**MATERIAL PROVIDED**:
lemma reaction_lower_bound:
  fixes x y w :: real
  assumes "0 < y" "y \<le> x" "0 < w"
  shows "8 * ((x\<^sup>2 + y\<^sup>2 + w\<^sup>2) / (y\<^sup>2 * w\<^sup>2)) * ln (y / x)
         \<le> 4 * (x\<^sup>2 - y\<^sup>2) * (x\<^sup>2 + y\<^sup>2 - w\<^sup>2) / (x\<^sup>2 * y\<^sup>2 * w\<^sup>2)"
proof -
  define u where "u = ln (y / x)"
  define P where "P = x\<^sup>2 + y\<^sup>2 + w\<^sup>2"
  have "0 < x" using assms by simp
  have "2 * u = ln ((y / x)\<^sup>2)" unfolding u_def using assms \<open>0 < x\<close> by (simp add: ln_realpow)
  also have "\<dots> \<le> (y / x)\<^sup>2 - 1" using assms \<open>0 < x\<close> by (intro ln_le_minus_one) simp
  finally have "2 * u * x\<^sup>2 \<le> y\<^sup>2 - x\<^sup>2" using \<open>0 < x\<close> by (simp add: field_simps power_divide)
  then have "2 * u * x\<^sup>2 * P \<le> (y\<^sup>2 - x\<^sup>2) * P" by (rule mult_right_mono) (simp add: P_def)
  also have "\<dots> = (x\<^sup>2 - y\<^sup>2) * (- P)" by (simp add: algebra_simps)
  also have "\<dots> \<le> (x\<^sup>2 - y\<^sup>2) * (x\<^sup>2 + y\<^sup>2 - w\<^sup>2)"
  proof (rule mult_left_mono)
    show "0 \<le> x\<^sup>2 - y\<^sup>2" using assms by (simp add: power_mono)
    show "- P \<le> x\<^sup>2 + y\<^sup>2 - w\<^sup>2" unfolding P_def by simp
  qed
  finally have key: "2 * u * x\<^sup>2 * P \<le> (x\<^sup>2 - y\<^sup>2) * (x\<^sup>2 + y\<^sup>2 - w\<^sup>2)" .
  have "8 * (P / (y\<^sup>2 * w\<^sup>2)) * u = 4 * (2 * u * x\<^sup>2 * P) / (x\<^sup>2 * y\<^sup>2 * w\<^sup>2)"
    using \<open>0 < x\<close> by (simp add: field_simps)
  also have "\<dots> \<le> 4 * ((x\<^sup>2 - y\<^sup>2) * (x\<^sup>2 + y\<^sup>2 - w\<^sup>2)) / (x\<^sup>2 * y\<^sup>2 * w\<^sup>2)"
    using key by (intro divide_right_mono mult_left_mono) auto
  finally show ?thesis unfolding u_def P_def by (simp only: mult.assoc)
qed

lemma reaction_nonneg:
  fixes x y w :: real
  assumes "0 \<le> y" "y \<le> x" "0 \<le> w" "w \<le> x"
  shows "0 \<le> 4 * (x\<^sup>2 - y\<^sup>2) * (x\<^sup>2 + y\<^sup>2 - w\<^sup>2) / (x\<^sup>2 * y\<^sup>2 * w\<^sup>2)"
proof -
  have "y\<^sup>2 \<le> x\<^sup>2" "w\<^sup>2 \<le> x\<^sup>2" using assms by (auto intro: power_mono)
  moreover have "0 \<le> y\<^sup>2" by simp
  ultimately have "0 \<le> x\<^sup>2 - y\<^sup>2" "0 \<le> x\<^sup>2 + y\<^sup>2 - w\<^sup>2" by linarith+
  then show ?thesis by (intro divide_nonneg_nonneg mult_nonneg_nonneg) simp_all
qed

lemma regular_compD:
  assumes "regular_comp T f"
  shows "\<And>z t. 0 \<le> t \<Longrightarrow> t < T \<Longrightarrow> 0 < f z t"
    and "\<And>z t. 0 \<le> t \<Longrightarrow> t < T \<Longrightarrow> f (z + 2 * pi) t = f z t"
    and "\<And>z t. 0 \<le> t \<Longrightarrow> t < T \<Longrightarrow> (\<lambda>y. f y t) differentiable (at z)"
    and "\<And>z t. 0 \<le> t \<Longrightarrow> t < T \<Longrightarrow> (\<lambda>y. dz f y t) differentiable (at z)"
    and "\<And>z t. 0 < t \<Longrightarrow> t < T \<Longrightarrow> (\<lambda>s. f z s) differentiable (at t)"
    and "continuous_on (UNIV \<times> {0..<T}) (\<lambda>p. f (fst p) (snd p))"
  using assms unfolding regular_comp_def by auto

lemma RF_solution_rotate:
  assumes "RF_solution T \<phi> a b c"
  shows "RF_solution T \<phi> b c a"
  using assms unfolding RF_solution_def by (simp add: power2_commute ac_simps)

**YOUR GOAL**:
Return the lines above precisely as they appear, beginning at the first line and ending at the line with "proof (rule mult_left_mono)", and nothing after it.

**RESULT OF THE TASK**:
lemma reaction_lower_bound:
  fixes x y w :: real
  assumes "0 < y" "y \<le> x" "0 < w"
  shows "8 * ((x\<^sup>2 + y\<^sup>2 + w\<^sup>2) / (y\<^sup>2 * w\<^sup>2)) * ln (y / x)
         \<le> 4 * (x\<^sup>2 - y\<^sup>2) * (x\<^sup>2 + y\<^sup>2 - w\<^sup>2) / (x\<^sup>2 * y\<^sup>2 * w\<^sup>2)"
proof -
  define u where "u = ln (y / x)"
  define P where "P = x\<^sup>2 + y\<^sup>2 + w\<^sup>2"
  have "0 < x" using assms by simp
  have "2 * u = ln ((y / x)\<^sup>2)" unfolding u_def using assms \<open>0 < x\<close> by (simp add: ln_realpow)
  also have "\<dots> \<le> (y / x)\<^sup>2 - 1" using assms \<open>0 < x\<close> by (intro ln_le_minus_one) simp
  finally have "2 * u * x\<^sup>2 \<le> y\<^sup>2 - x\<^sup>2" using \<open>0 < x\<close> by (simp add: field_simps power_divide)
  then have "2 * u * x\<^sup>2 * P \<le> (y\<^sup>2 - x\<^sup>2) * P" by (rule mult_right_mono) (simp add: P_def)
  also have "\<dots> = (x\<^sup>2 - y\<^sup>2) * (- P)" by (simp add: algebra_simps)
  also have "\<dots> \<le> (x\<^sup>2 - y\<^sup>2) * (x\<^sup>2 + y\<^sup>2 - w\<^sup>2)"
  proof (rule mult_left_mono)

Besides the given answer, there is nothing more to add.